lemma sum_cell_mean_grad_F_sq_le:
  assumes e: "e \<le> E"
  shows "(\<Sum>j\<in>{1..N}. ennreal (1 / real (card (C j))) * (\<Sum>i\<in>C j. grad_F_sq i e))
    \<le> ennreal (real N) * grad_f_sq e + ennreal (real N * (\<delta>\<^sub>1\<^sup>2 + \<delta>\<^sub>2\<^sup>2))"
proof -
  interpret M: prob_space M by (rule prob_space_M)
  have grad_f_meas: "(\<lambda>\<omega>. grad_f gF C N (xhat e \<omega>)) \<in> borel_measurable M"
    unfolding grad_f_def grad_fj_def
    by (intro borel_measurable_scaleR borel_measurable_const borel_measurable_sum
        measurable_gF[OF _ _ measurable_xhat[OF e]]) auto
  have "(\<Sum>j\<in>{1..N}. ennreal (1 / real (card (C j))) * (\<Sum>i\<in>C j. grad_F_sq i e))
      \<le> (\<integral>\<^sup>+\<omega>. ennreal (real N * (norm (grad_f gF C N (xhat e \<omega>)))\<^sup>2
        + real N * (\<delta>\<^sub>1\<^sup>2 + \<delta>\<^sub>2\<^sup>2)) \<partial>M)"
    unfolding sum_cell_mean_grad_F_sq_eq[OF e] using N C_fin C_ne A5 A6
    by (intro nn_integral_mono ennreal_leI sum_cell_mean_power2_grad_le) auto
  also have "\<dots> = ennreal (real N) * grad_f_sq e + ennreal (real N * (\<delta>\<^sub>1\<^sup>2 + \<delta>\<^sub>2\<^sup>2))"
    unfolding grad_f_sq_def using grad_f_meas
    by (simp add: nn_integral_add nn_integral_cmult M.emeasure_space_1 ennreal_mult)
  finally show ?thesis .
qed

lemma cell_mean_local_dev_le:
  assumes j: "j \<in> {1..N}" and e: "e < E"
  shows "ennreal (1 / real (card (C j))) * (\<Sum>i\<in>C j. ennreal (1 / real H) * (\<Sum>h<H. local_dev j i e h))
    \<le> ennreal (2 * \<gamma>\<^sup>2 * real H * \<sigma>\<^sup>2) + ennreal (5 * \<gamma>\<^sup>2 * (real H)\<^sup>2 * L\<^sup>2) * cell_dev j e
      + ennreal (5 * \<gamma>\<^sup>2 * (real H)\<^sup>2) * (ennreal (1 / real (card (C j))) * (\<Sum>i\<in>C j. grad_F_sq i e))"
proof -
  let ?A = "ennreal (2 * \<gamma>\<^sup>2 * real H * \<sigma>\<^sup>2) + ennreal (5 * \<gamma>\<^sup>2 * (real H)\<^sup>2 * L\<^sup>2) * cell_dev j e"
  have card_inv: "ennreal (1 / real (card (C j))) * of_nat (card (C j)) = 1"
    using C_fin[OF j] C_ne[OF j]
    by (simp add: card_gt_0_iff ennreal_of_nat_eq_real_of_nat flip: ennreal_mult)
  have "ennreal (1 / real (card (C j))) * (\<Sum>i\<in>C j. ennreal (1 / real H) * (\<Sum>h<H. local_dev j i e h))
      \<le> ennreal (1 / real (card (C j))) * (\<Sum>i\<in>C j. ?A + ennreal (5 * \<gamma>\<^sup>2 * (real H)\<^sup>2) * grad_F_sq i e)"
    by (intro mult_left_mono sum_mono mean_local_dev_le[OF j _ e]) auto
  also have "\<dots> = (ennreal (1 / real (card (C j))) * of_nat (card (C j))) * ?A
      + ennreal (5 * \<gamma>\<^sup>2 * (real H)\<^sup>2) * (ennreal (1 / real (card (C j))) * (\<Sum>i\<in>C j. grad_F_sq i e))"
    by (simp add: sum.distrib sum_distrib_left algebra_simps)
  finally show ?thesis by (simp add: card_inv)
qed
_ _ _
Task directions: Please transcribe only the portion of the material that starts at the line containing "(card (C j))) * ?A" and runs through its last line, inclusive, exactly as given.

Written answer:
  also have "\<dots> = (ennreal (1 / real (card (C j))) * of_nat (card (C j))) * ?A
      + ennreal (5 * \<gamma>\<^sup>2 * (real H)\<^sup>2) * (ennreal (1 / real (card (C j))) * (\<Sum>i\<in>C j. grad_F_sq i e))"
    by (simp add: sum.distrib sum_distrib_left algebra_simps)
  finally show ?thesis by (simp add: card_inv)
qed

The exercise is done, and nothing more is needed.